§ Task details
Compute how many lines below contain the word "lemma" and respond with that number only.

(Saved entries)
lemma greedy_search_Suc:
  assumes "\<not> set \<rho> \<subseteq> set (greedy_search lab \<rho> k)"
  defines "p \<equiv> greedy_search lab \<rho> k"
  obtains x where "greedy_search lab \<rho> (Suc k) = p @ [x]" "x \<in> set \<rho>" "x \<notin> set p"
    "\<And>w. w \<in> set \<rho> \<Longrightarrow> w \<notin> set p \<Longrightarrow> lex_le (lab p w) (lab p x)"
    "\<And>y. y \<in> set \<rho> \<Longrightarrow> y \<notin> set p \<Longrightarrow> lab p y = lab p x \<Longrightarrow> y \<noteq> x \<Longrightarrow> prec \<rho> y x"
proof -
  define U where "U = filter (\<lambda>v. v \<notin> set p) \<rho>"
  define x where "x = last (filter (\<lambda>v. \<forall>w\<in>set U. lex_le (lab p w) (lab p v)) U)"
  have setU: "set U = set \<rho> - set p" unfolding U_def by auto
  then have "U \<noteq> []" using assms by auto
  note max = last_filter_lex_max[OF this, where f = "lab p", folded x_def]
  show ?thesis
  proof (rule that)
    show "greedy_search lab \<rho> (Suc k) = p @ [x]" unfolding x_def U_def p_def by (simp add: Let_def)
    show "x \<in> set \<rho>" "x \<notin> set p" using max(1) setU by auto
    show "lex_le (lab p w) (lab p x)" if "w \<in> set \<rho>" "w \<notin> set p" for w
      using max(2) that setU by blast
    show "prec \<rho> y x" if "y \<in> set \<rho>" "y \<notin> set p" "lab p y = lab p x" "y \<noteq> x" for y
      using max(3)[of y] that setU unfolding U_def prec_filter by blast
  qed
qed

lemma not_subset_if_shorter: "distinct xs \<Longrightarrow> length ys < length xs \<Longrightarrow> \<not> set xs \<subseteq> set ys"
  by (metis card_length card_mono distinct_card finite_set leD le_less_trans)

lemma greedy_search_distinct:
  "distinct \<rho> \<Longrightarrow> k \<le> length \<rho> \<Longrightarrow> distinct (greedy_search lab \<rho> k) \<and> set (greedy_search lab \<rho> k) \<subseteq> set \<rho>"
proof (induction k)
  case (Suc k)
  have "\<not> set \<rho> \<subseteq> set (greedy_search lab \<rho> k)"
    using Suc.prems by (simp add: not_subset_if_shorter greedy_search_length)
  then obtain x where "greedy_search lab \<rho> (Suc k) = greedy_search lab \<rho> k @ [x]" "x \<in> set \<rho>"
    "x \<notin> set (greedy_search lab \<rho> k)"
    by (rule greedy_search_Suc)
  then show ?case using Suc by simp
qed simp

§ Your response
3